(* Let $N\geq1$ and $0<m<2$. Let $a\in C(\mathbb{R}^N)\cap L^\infty(\mathbb{R}^N)$ with $a^+=\max\{0,a\}\not\equiv0$ and $\limsup_{|x|\to\infty}a(x)<0$. Let $J\in L^1(\mathbb{R}^N)$ be a nonnegative radially symmetric function with $\int_{\mathbb{R}^N}J=1$, and for $\varepsilon>0$ let $J_\varepsilon(z)=\varepsilon^{-N}J(z/\varepsilon)$. Suppose there exist $\varepsilon_0>0$ and a nonnegative, nontrivial $\underline{u}\in C_c(\mathbb{R}^N)$ such that for all $0<\varepsilon<\varepsilon_0$, $$\frac{1}{\varepsilon^m}\big(J_\varepsilon\ast\underline{u}-\underline{u}\big)+\underline{u}(a-\underline{u})\geq0\quad\text{in }\mathbb{R}^N.$$ Then $$\limsup_{\beta\to m^-}(m-\beta)\int_{\mathbb{R}^N}J(x)|x|^\beta\,\mathrm{d}x<\infty.$$ In particular, $\int_{\mathbb{R}^N}J(x)|x|^\beta\,\mathrm{d}x<\infty$ for all $0<\beta<m$.
   Context: $(J_\varepsilon\ast u)(x)=\int_{\mathbb{R}^N}J_\varepsilon(x-y)u(y)\,\mathrm{d}y$. *)

theory Defs
  imports "HOL-Analysis.Analysis"
begin

definition rescaled_kernel :: "('a::euclidean_space \<Rightarrow> real) \<Rightarrow> real \<Rightarrow> 'a \<Rightarrow> real" where
  "rescaled_kernel J \<epsilon> z = J ((1 / \<epsilon>) *\<^sub>R z) / \<epsilon> ^ DIM('a)"

definition conv :: "('a::euclidean_space \<Rightarrow> real) \<Rightarrow> ('a \<Rightarrow> real) \<Rightarrow> 'a \<Rightarrow> real" where
  "conv J u x = (\<integral>y. J (x - y) * u y \<partial>lborel)"

end

(* At a maximum point x0 of u the subsolution inequality gives
   (J_eps * u)(x0) >= u(x0) - eps^m u(x0) (a(x0) - u(x0)), while, u vanishing outside a ball of
   radius R, (J_eps * u)(x0) <= u(x0) (1 - mass of J outside the ball of radius 2R/eps).
   Hence the mass of J beyond radius t is O(t^-m). Summing this over the dyadic shells
   2^k T < |x| <= 2^(k+1) T bounds the beta-th moment of J by
   T^beta + C 2^beta T^(beta-m) / (1 - 2^(beta-m)), and (m - beta) / (1 - 2^(beta-m)) stays
   bounded as beta tends to m. *)

theory Submission
  imports Defs
begin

▸ **Exercise goal**: Print the entries exactly. Include every one.

▸ **Exercise solution**:
(* Let $N\geq1$ and $0<m<2$. Let $a\in C(\mathbb{R}^N)\cap L^\infty(\mathbb{R}^N)$ with $a^+=\max\{0,a\}\not\equiv0$ and $\limsup_{|x|\to\infty}a(x)<0$. Let $J\in L^1(\mathbb{R}^N)$ be a nonnegative radially symmetric function with $\int_{\mathbb{R}^N}J=1$, and for $\varepsilon>0$ let $J_\varepsilon(z)=\varepsilon^{-N}J(z/\varepsilon)$. Suppose there exist $\varepsilon_0>0$ and a nonnegative, nontrivial $\underline{u}\in C_c(\mathbb{R}^N)$ such that for all $0<\varepsilon<\varepsilon_0$, $$\frac{1}{\varepsilon^m}\big(J_\varepsilon\ast\underline{u}-\underline{u}\big)+\underline{u}(a-\underline{u})\geq0\quad\text{in }\mathbb{R}^N.$$ Then $$\limsup_{\beta\to m^-}(m-\beta)\int_{\mathbb{R}^N}J(x)|x|^\beta\,\mathrm{d}x<\infty.$$ In particular, $\int_{\mathbb{R}^N}J(x)|x|^\beta\,\mathrm{d}x<\infty$ for all $0<\beta<m$.
   Context: $(J_\varepsilon\ast u)(x)=\int_{\mathbb{R}^N}J_\varepsilon(x-y)u(y)\,\mathrm{d}y$. *)

theory Defs
  imports "HOL-Analysis.Analysis"
begin

definition rescaled_kernel :: "('a::euclidean_space \<Rightarrow> real) \<Rightarrow> real \<Rightarrow> 'a \<Rightarrow> real" where
  "rescaled_kernel J \<epsilon> z = J ((1 / \<epsilon>) *\<^sub>R z) / \<epsilon> ^ DIM('a)"

definition conv :: "('a::euclidean_space \<Rightarrow> real) \<Rightarrow> ('a \<Rightarrow> real) \<Rightarrow> 'a \<Rightarrow> real" where
  "conv J u x = (\<integral>y. J (x - y) * u y \<partial>lborel)"

end

(* At a maximum point x0 of u the subsolution inequality gives
   (J_eps * u)(x0) >= u(x0) - eps^m u(x0) (a(x0) - u(x0)), while, u vanishing outside a ball of
   radius R, (J_eps * u)(x0) <= u(x0) (1 - mass of J outside the ball of radius 2R/eps).
   Hence the mass of J beyond radius t is O(t^-m). Summing this over the dyadic shells
   2^k T < |x| <= 2^(k+1) T bounds the beta-th moment of J by
   T^beta + C 2^beta T^(beta-m) / (1 - 2^(beta-m)), and (m - beta) / (1 - 2^(beta-m)) stays
   bounded as beta tends to m. *)

theory Submission
  imports Defs
begin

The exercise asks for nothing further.